◆ ACTIVITY ◆
Look for the word "vnorm" in the entries and copy each line where it appears.

◆ EXTRACTED DATA ◆
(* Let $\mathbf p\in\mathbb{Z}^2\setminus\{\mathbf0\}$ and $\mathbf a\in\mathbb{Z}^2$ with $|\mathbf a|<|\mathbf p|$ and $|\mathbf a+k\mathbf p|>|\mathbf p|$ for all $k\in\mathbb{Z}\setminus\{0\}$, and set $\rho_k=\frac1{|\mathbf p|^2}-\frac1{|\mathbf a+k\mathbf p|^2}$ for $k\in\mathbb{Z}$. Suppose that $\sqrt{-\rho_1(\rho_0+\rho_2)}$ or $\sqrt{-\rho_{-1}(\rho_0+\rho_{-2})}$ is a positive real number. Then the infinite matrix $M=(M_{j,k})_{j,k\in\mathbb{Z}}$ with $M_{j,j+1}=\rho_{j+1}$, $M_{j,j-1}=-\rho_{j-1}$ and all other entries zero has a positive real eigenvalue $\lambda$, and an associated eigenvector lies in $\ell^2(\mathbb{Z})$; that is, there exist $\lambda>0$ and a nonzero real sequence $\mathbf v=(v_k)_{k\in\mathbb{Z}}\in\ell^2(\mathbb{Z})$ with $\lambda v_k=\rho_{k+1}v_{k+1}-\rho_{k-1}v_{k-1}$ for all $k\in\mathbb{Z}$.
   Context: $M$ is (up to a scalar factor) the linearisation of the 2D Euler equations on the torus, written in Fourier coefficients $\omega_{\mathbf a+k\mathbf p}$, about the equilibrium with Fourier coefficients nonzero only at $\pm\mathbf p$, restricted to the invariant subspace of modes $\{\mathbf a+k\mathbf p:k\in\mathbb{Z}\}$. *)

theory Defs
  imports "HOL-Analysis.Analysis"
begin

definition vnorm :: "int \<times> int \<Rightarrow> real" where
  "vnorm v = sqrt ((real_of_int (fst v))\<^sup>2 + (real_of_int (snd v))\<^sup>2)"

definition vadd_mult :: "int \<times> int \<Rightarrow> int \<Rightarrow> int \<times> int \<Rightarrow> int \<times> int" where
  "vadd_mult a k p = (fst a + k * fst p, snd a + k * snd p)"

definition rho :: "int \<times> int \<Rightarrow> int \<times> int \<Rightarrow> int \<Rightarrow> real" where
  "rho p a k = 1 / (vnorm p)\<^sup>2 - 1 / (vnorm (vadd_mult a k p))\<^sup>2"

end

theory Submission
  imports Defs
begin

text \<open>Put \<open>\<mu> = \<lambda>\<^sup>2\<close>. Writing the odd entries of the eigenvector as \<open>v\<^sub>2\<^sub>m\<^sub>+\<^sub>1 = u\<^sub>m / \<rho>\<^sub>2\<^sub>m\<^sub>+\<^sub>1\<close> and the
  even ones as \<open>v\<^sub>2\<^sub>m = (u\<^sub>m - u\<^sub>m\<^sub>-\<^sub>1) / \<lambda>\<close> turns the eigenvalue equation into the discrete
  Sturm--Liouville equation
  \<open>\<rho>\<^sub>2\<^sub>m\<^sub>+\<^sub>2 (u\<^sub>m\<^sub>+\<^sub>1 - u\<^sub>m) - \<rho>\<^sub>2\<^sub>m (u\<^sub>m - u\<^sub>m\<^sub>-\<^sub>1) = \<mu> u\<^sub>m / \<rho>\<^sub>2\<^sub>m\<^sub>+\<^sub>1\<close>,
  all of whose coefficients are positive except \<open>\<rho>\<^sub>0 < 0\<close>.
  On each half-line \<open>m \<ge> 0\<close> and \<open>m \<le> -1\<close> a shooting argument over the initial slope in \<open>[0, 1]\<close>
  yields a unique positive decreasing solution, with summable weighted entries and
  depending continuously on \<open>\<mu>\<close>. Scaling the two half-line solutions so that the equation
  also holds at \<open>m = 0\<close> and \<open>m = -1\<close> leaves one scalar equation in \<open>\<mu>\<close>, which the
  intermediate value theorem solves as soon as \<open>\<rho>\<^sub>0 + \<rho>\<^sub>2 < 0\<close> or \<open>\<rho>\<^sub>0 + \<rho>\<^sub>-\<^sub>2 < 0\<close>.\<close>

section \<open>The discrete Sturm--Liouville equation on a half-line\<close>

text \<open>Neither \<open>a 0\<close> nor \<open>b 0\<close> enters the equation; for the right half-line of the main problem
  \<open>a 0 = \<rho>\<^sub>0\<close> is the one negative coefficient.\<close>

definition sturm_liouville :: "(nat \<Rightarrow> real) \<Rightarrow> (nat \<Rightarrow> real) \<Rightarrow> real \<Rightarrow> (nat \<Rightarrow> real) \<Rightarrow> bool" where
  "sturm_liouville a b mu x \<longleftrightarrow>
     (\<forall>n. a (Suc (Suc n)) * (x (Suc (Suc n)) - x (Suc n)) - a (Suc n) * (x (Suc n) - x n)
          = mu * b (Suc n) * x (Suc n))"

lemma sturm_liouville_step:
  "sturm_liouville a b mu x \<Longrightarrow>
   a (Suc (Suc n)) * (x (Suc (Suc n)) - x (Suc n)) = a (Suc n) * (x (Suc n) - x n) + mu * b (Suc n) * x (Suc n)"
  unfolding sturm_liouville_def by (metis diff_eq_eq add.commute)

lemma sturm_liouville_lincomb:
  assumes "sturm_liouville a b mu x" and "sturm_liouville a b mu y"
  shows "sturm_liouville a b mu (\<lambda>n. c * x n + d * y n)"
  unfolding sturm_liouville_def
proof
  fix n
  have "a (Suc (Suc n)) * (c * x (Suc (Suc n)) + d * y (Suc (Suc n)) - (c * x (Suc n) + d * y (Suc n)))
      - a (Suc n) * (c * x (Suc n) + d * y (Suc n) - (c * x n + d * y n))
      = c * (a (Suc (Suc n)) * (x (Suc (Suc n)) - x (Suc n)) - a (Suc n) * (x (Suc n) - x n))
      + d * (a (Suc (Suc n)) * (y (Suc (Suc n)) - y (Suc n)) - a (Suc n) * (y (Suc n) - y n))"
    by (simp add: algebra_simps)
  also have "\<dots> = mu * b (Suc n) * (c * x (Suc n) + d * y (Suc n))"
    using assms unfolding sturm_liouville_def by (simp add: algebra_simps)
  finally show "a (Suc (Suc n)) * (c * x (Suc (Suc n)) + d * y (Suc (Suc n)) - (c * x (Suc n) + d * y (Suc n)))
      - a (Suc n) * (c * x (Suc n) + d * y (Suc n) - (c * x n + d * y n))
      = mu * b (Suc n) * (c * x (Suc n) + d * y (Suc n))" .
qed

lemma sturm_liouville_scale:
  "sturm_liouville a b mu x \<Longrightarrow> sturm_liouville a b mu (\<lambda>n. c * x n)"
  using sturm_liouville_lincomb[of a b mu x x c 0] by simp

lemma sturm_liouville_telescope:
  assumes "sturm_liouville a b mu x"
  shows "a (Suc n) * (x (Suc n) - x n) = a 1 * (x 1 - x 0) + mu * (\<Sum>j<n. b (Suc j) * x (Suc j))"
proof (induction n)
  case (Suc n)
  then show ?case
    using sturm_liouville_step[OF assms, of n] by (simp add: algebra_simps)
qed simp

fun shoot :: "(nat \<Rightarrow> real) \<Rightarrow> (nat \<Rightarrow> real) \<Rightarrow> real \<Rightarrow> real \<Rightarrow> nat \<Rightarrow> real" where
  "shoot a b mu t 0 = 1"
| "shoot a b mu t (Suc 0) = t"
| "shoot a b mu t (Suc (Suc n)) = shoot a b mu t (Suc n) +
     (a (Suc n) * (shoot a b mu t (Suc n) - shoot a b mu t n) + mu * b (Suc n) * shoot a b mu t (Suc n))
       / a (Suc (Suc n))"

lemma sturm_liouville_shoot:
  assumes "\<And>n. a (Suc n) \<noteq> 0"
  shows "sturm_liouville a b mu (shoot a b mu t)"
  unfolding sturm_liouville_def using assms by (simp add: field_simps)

◆ SOLUTION ◆
definition vnorm :: "int \<times> int \<Rightarrow> real" where
  "vnorm v = sqrt ((real_of_int (fst v))\<^sup>2 + (real_of_int (snd v))\<^sup>2)"
  "rho p a k = 1 / (vnorm p)\<^sup>2 - 1 / (vnorm (vadd_mult a k p))\<^sup>2"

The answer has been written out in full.